As the name suggests, these trees are used for classification and prediction problems. This is an introductionary post about the fundamentals of such decision trees, that serve the basis for other modern classifiers such as Random Forest.

These models are obtained by partitioning the data space and fitting a simple prediction model within each partition. This is done recursively. We can represent the partitioning graphically as a tree; hence the name.

They have withstood the test of time because of the following reasons:

  1. Very competitive with other methods
  2. High efficiency

Classification

Here our focus is to learn a target function that can be used to predict the values of a discrete class attribute, i.e. this is a classification problem where we want to know if, given labelled training data, something falls into one class or another.
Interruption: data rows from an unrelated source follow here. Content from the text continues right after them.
lemma ell2_scale:
  assumes "x \<in> ell2 d" shows "(\<lambda>w. c * x w) \<in> ell2 d"
proof -
  have "(\<lambda>w. (cmod c)\<^sup>2 * (cmod (x w))\<^sup>2) summable_on UNIV"
    using assms by (intro summable_on_cmult_right) (auto simp: ell2_def)
  thus ?thesis using assms by (auto simp: ell2_def norm_mult power_mult_distrib)
qed

lemma ell2_diff:
  assumes "x \<in> ell2 d" "y \<in> ell2 d" shows "(\<lambda>w. x w - y w) \<in> ell2 d"
  using ell2_add[OF assms(1) ell2_scale[OF assms(2), of "-1"]] by simp

lemma ell2_sum:
  "finite I \<Longrightarrow> (\<And>i. i \<in> I \<Longrightarrow> x i \<in> ell2 d) \<Longrightarrow> (\<lambda>w. \<Sum>i\<in>I. x i w) \<in> ell2 d"
  by (induction I rule: finite_induct) (auto intro: ell2_zero ell2_add)

lemma ell2_restrict:
  assumes "x \<in> ell2 d" shows "(\<lambda>w. if P w then x w else 0) \<in> ell2 d"
proof -
  have "(\<lambda>w. (cmod (if P w then x w else 0))\<^sup>2) summable_on UNIV"
    by (rule summable_on_comparison_test[of "\<lambda>w. (cmod (x w))\<^sup>2"])
      (use assms in \<open>auto simp: ell2_def\<close>)
  thus ?thesis using assms by (auto simp: ell2_def)
qed

lemma fnorm_scale: "fnorm (\<lambda>w. c * x w) = cmod c * fnorm x"
proof -
  have "(\<Sum>\<^sub>\<infinity>w. (cmod (c * x w))\<^sup>2) = (cmod c)\<^sup>2 * (\<Sum>\<^sub>\<infinity>w. (cmod (x w))\<^sup>2)"
    unfolding norm_mult power_mult_distrib by (rule infsum_cmult_right')
  thus ?thesis unfolding fnorm_def by (simp add: real_sqrt_mult)
qed

lemma fnorm_tail_tendsto_zero:
  assumes x: "x \<in> ell2 d"
  shows "(\<lambda>N. fnorm (\<lambda>w. if N \<le> length w then x w else 0)) \<longlonglongrightarrow> 0"
proof -
  define s where "s = (fnorm x)\<^sup>2"
  have x_sums: "deg_sqnorm d x sums s" unfolding s_def by (rule deg_sqnorm_sums[OF x])
  have tail: "(fnorm (\<lambda>w. if N \<le> length w then x w else 0))\<^sup>2 = s - (\<Sum>n<N. deg_sqnorm d x n)"
    for N
  proof -
    let ?t = "\<lambda>w. if N \<le> length w then x w else 0"
    have t_deg: "deg_sqnorm d ?t n = (if N \<le> n then deg_sqnorm d x n else 0)" for n
      unfolding deg_sqnorm_def words_of_len_def by (auto intro!: sum.cong sum.neutral)
    have "(\<lambda>n. deg_sqnorm d x (n + N)) sums (s - (\<Sum>n<N. deg_sqnorm d x n))"
      by (rule sums_split_initial_segment[OF x_sums])
    hence "(\<lambda>n. deg_sqnorm d ?t (n + N)) sums (s - (\<Sum>n<N. deg_sqnorm d x n))"
      by (simp add: t_deg)
    hence "deg_sqnorm d ?t sums (s - (\<Sum>n<N. deg_sqnorm d x n) + (\<Sum>n<N. deg_sqnorm d ?t n))"
      by (rule sums_iff_shift[THEN iffD1])
    moreover have "(\<Sum>n<N. deg_sqnorm d ?t n) = 0" by (simp add: t_deg)
    ultimately have "deg_sqnorm d ?t sums (s - (\<Sum>n<N. deg_sqnorm d x n))" by simp
    moreover have "deg_sqnorm d ?t sums (fnorm ?t)\<^sup>2"
      by (rule deg_sqnorm_sums[OF ell2_restrict[OF x]])
    ultimately show ?thesis using sums_unique2 by blast
  qed
  have "(\<lambda>N. s - (\<Sum>n<N. deg_sqnorm d x n)) \<longlonglongrightarrow> s - s"
    using x_sums by (intro tendsto_intros) (simp add: sums_def)
  hence "(\<lambda>N. sqrt ((fnorm (\<lambda>w. if N \<le> length w then x w else 0))\<^sup>2)) \<longlonglongrightarrow> sqrt 0"
    unfolding tail by (intro tendsto_intros) simp
  thus ?thesis using fnorm_nonneg by simp
qed

lemma deg_sqnorm_Suc:
  "deg_sqnorm d x (Suc n) = (\<Sum>i\<in>{1..d}. deg_sqnorm d (\<lambda>w. x (w @ [i])) n)"
proof -
  let ?snoc = "\<lambda>(i::nat, w::nat list). w @ [i]"
  have inj: "inj_on ?snoc ({1..d} \<times> words_of_len d n)" by (auto simp: inj_on_def)
  have "words_of_len d (Suc n) \<subseteq> ?snoc ` ({1..d} \<times> words_of_len d n)"
  proof
    fix v assume v: "v \<in> words_of_len d (Suc n)"
    hence "v \<noteq> []" by (auto simp: words_of_len_def)
    hence "v = ?snoc (last v, butlast v)" by simp
    moreover have "(last v, butlast v) \<in> {1..d} \<times> words_of_len d n"
      using v last_in_set[OF \<open>v \<noteq> []\<close>] by (auto simp: words_of_len_def dest: in_set_butlastD)
    ultimately show "v \<in> ?snoc ` ({1..d} \<times> words_of_len d n)" by blast
  qed
  hence img: "?snoc ` ({1..d} \<times> words_of_len d n) = words_of_len d (Suc n)"
    by (auto simp: words_of_len_def)
  have "deg_sqnorm d x (Suc n) = (\<Sum>p\<in>{1..d} \<times> words_of_len d n. (cmod (x (?snoc p)))\<^sup>2)"
    unfolding deg_sqnorm_def img[symmetric] sum.reindex[OF inj] by (simp add: case_prod_beta)
  also have "\<dots> = (\<Sum>i\<in>{1..d}. \<Sum>w\<in>words_of_len d n. (cmod (x (w @ [i])))\<^sup>2)"
    by (subst sum.cartesian_product) (auto intro!: sum.cong)
  finally show ?thesis unfolding deg_sqnorm_def .
qed

lemma sqrt_double_sum_diff_le:
  fixes f g :: "'i \<Rightarrow> 'j \<Rightarrow> complex"
  shows "sqrt (\<Sum>i\<in>I. \<Sum>w\<in>B. (cmod (f i w - g i w))\<^sup>2)
           \<le> sqrt (\<Sum>i\<in>I. \<Sum>w\<in>B. (cmod (f i w))\<^sup>2) + sqrt (\<Sum>i\<in>I. \<Sum>w\<in>B. (cmod (g i w))\<^sup>2)"
proof -
  have L2: "sqrt (\<Sum>i\<in>I. \<Sum>w\<in>B. (h i w)\<^sup>2) = L2_set (\<lambda>p. h (fst p) (snd p)) (I \<times> B)"
    for h :: "'i \<Rightarrow> 'j \<Rightarrow> real"
    unfolding L2_set_def by (subst sum.cartesian_product) (simp add: case_prod_beta)
  have "L2_set (\<lambda>p. cmod (f (fst p) (snd p) - g (fst p) (snd p))) (I \<times> B)
      \<le> L2_set (\<lambda>p. cmod (f (fst p) (snd p)) + cmod (g (fst p) (snd p))) (I \<times> B)"
    by (rule L2_set_mono) (auto simp: norm_triangle_ineq4)
  also have "\<dots> \<le> L2_set (\<lambda>p. cmod (f (fst p) (snd p))) (I \<times> B)
                 + L2_set (\<lambda>p. cmod (g (fst p) (snd p))) (I \<times> B)"
    by (rule L2_set_triangle_ineq)
  finally show ?thesis unfolding L2 .
qed

subsection \<open>Homogeneous vectors and bounded operators\<close>

definition basis_vec :: "nat list \<Rightarrow> fock_vec" where
  "basis_vec u = (\<lambda>w. if w = u then 1 else 0)"

definition deg_part :: "nat \<Rightarrow> fock_vec \<Rightarrow> fock_vec" where
  "deg_part n x = (\<lambda>w. if length w = n then x w else 0)"

lemma deg_space_intro:
  assumes "\<And>w. w \<notin> words_of_len d n \<Longrightarrow> x w = 0" shows "x \<in> deg_space d n"
proof -
  have "x \<in> ell2 d"
    by (rule ell2_finite_support[OF finite_words_of_len words_of_len_subset_fock_words assms])
  thus ?thesis using assms unfolding deg_space_def words_of_len_def by auto
qed

lemma deg_space_vanishes:
  assumes "x \<in> deg_space d n" "w \<notin> words_of_len d n" shows "x w = 0"
  using assms unfolding deg_space_def ell2_def words_of_len_def fock_words_def by auto

lemma fnorm_deg_space: "y \<in> deg_space d n \<Longrightarrow> fnorm y = sqrt (deg_sqnorm d y n)"
  unfolding deg_sqnorm_def
  by (rule fnorm_finite_support) (auto simp: finite_words_of_len deg_space_vanishes)

lemma zero_in_deg_space: "(\<lambda>w. 0) \<in> deg_space d n"
  unfolding deg_space_def using ell2_zero by auto

lemma deg_space_scale: "y \<in> deg_space d n \<Longrightarrow> (\<lambda>w. c * y w) \<in> deg_space d n"
  unfolding deg_space_def using ell2_scale by auto

lemma basis_vec_in_deg_space: "u \<in> words_of_len d n \<Longrightarrow> basis_vec u \<in> deg_space d n"
  by (rule deg_space_intro) (auto simp: basis_vec_def)

lemma deg_part_in_deg_space: "x \<in> ell2 d \<Longrightarrow> deg_part n x \<in> deg_space d n"
  unfolding deg_part_def deg_space_def using ell2_restrict by auto

lemma deg_space_basis_expansion:
  assumes "y \<in> deg_space d n" shows "y = (\<lambda>w. \<Sum>u\<in>words_of_len d n. y u * basis_vec u w)"
proof
  fix w
  show "y w = (\<Sum>u\<in>words_of_len d n. y u * basis_vec u w)"
  proof (cases "w \<in> words_of_len d n")
    case True
    thus ?thesis by (simp add: basis_vec_def finite_words_of_len if_distrib cong: if_cong)
  next
    case False
    thus ?thesis
      using deg_space_vanishes[OF assms False] by (auto simp: basis_vec_def intro!: sum.neutral)
  qed
qed

lemma Rstar_in_deg_space:
  assumes y: "y \<in> deg_space d (Suc n)" and i: "i \<in> {1..d}"
  shows "Rstar i y \<in> deg_space d n"
proof (rule deg_space_intro)
  fix w assume "w \<notin> words_of_len d n"
  hence "w @ [i] \<notin> words_of_len d (Suc n)" using i by (auto simp: words_of_len_def)
  thus "Rstar i y w = 0" using deg_space_vanishes[OF y] by (simp add: Rstar_def)
qed

lemma sqrt_sum_deg_sqnorm_Rstar_le:
  assumes y: "y \<in> deg_space d (Suc n)" and "B \<ge> 0"
    and bound: "\<And>z. z \<in> deg_space d n \<Longrightarrow> sqrt (deg_sqnorm d (F z) l) \<le> B * fnorm z"
  shows "sqrt (\<Sum>i\<in>{1..d}. deg_sqnorm d (F (Rstar i y)) l) \<le> B * fnorm y"
proof -
  have "deg_sqnorm d (F (Rstar i y)) l \<le> B\<^sup>2 * deg_sqnorm d (Rstar i y) n" if i: "i \<in> {1..d}" for i
  proof -
    have z: "Rstar i y \<in> deg_space d n" by (rule Rstar_in_deg_space[OF y i])
    have "deg_sqnorm d (F (Rstar i y)) l \<le> (B * fnorm (Rstar i y))\<^sup>2"
      using power_mono[OF bound[OF z], of 2] by (simp add: deg_sqnorm_nonneg)
    thus ?thesis by (simp add: fnorm_deg_space[OF z] power_mult_distrib deg_sqnorm_nonneg)
  qed
  hence "(\<Sum>i\<in>{1..d}. deg_sqnorm d (F (Rstar i y)) l)
           \<le> (\<Sum>i\<in>{1..d}. B\<^sup>2 * deg_sqnorm d (Rstar i y) n)"
    by (rule sum_mono)
  also have "\<dots> = B\<^sup>2 * deg_sqnorm d y (Suc n)"
    by (simp add: deg_sqnorm_Suc[of d y n] sum_distrib_left Rstar_def)
  finally have "sqrt (\<Sum>i\<in>{1..d}. deg_sqnorm d (F (Rstar i y)) l) \<le> sqrt (B\<^sup>2 * deg_sqnorm d y (Suc n))"
    by (rule real_sqrt_le_mono)
  thus ?thesis using \<open>B \<ge> 0\<close> by (simp add: real_sqrt_mult fnorm_deg_space[OF y])
qed

lemma
  assumes "bounded_op d S"
  shows bounded_op_ell2: "x \<in> ell2 d \<Longrightarrow> S x \<in> ell2 d"
    and bounded_op_add:
      "x \<in> ell2 d \<Longrightarrow> y \<in> ell2 d \<Longrightarrow> S (\<lambda>w. x w + y w) = (\<lambda>w. S x w + S y w)"
    and bounded_op_scale: "x \<in> ell2 d \<Longrightarrow> S (\<lambda>w. c * x w) = (\<lambda>w. c * S x w)"
  using assms unfolding bounded_op_def by auto

lemma bounded_op_zero: "bounded_op d S \<Longrightarrow> S (\<lambda>w. 0) = (\<lambda>w. 0)"
  using bounded_op_scale[OF _ ell2_zero, of d S 0] by simp

lemma bounded_opE:
  assumes "bounded_op d S"
  obtains C :: real where "C \<ge> 0" "\<And>x. x \<in> ell2 d \<Longrightarrow> fnorm (S x) \<le> C * fnorm x"
proof -
  obtain C where C: "\<And>x. x \<in> ell2 d \<Longrightarrow> fnorm (S x) \<le> C * fnorm x"
    using assms unfolding bounded_op_def by blast
  have "fnorm (S x) \<le> max C 0 * fnorm x" if "x \<in> ell2 d" for x
    using C[OF that] mult_right_mono[of C "max C 0" "fnorm x"] fnorm_nonneg[of x] by linarith
  thus ?thesis using that[of "max C 0"] by auto
qed

lemma bounded_op_sum:
  assumes S: "bounded_op d S"
  shows "finite I \<Longrightarrow> (\<And>i. i \<in> I \<Longrightarrow> x i \<in> ell2 d) \<Longrightarrow>
           S (\<lambda>w. \<Sum>i\<in>I. x i w) = (\<lambda>w. \<Sum>i\<in>I. S (x i) w)"
proof (induction I rule: finite_induct)
  case empty
  thus ?case using bounded_op_zero[OF S] by simp
next
  case (insert a I)
  thus ?case using bounded_op_add[OF S] ell2_sum[of I x d] by simp
qed

lemma bounded_op_deg_space_expansion:
  assumes S: "bounded_op d S" and y: "y \<in> deg_space d n"
  shows "S y w = (\<Sum>u\<in>words_of_len d n. y u * S (basis_vec u) w)"
proof -
  have basis: "basis_vec u \<in> ell2 d" if "u \<in> words_of_len d n" for u
    using basis_vec_in_deg_space[OF that] by (simp add: deg_space_def)
  have "S y = S (\<lambda>w. \<Sum>u\<in>words_of_len d n. y u * basis_vec u w)"
    using deg_space_basis_expansion[OF y] by simp
  also have "\<dots> = (\<lambda>w. \<Sum>u\<in>words_of_len d n. S (\<lambda>w. y u * basis_vec u w) w)"
    by (rule bounded_op_sum[OF S]) (auto simp: finite_words_of_len intro: ell2_scale basis)
  finally show ?thesis using bounded_op_scale[OF S basis] by simp
qed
Naturally, this falls into Supervised Learning.

This includes applications such as approving loans (high-risk or low-risk), predicting the weather (sunny, rainy or cloudy).

Let us explore solving the classification problem using a decision tree example.

An Example Problem

Generally, a classification problem can be described as follows:
Data: A set of records (instances) that are described by:
* k attributes: A1, A2,...Ak
* A class: Discrete set of labels
Goal: To learn a classification model from the data that can be used to predict the classes of new (future, or test) instances.

Note- When our problem has 2 possible labels, this is called a Binary Classification Problem.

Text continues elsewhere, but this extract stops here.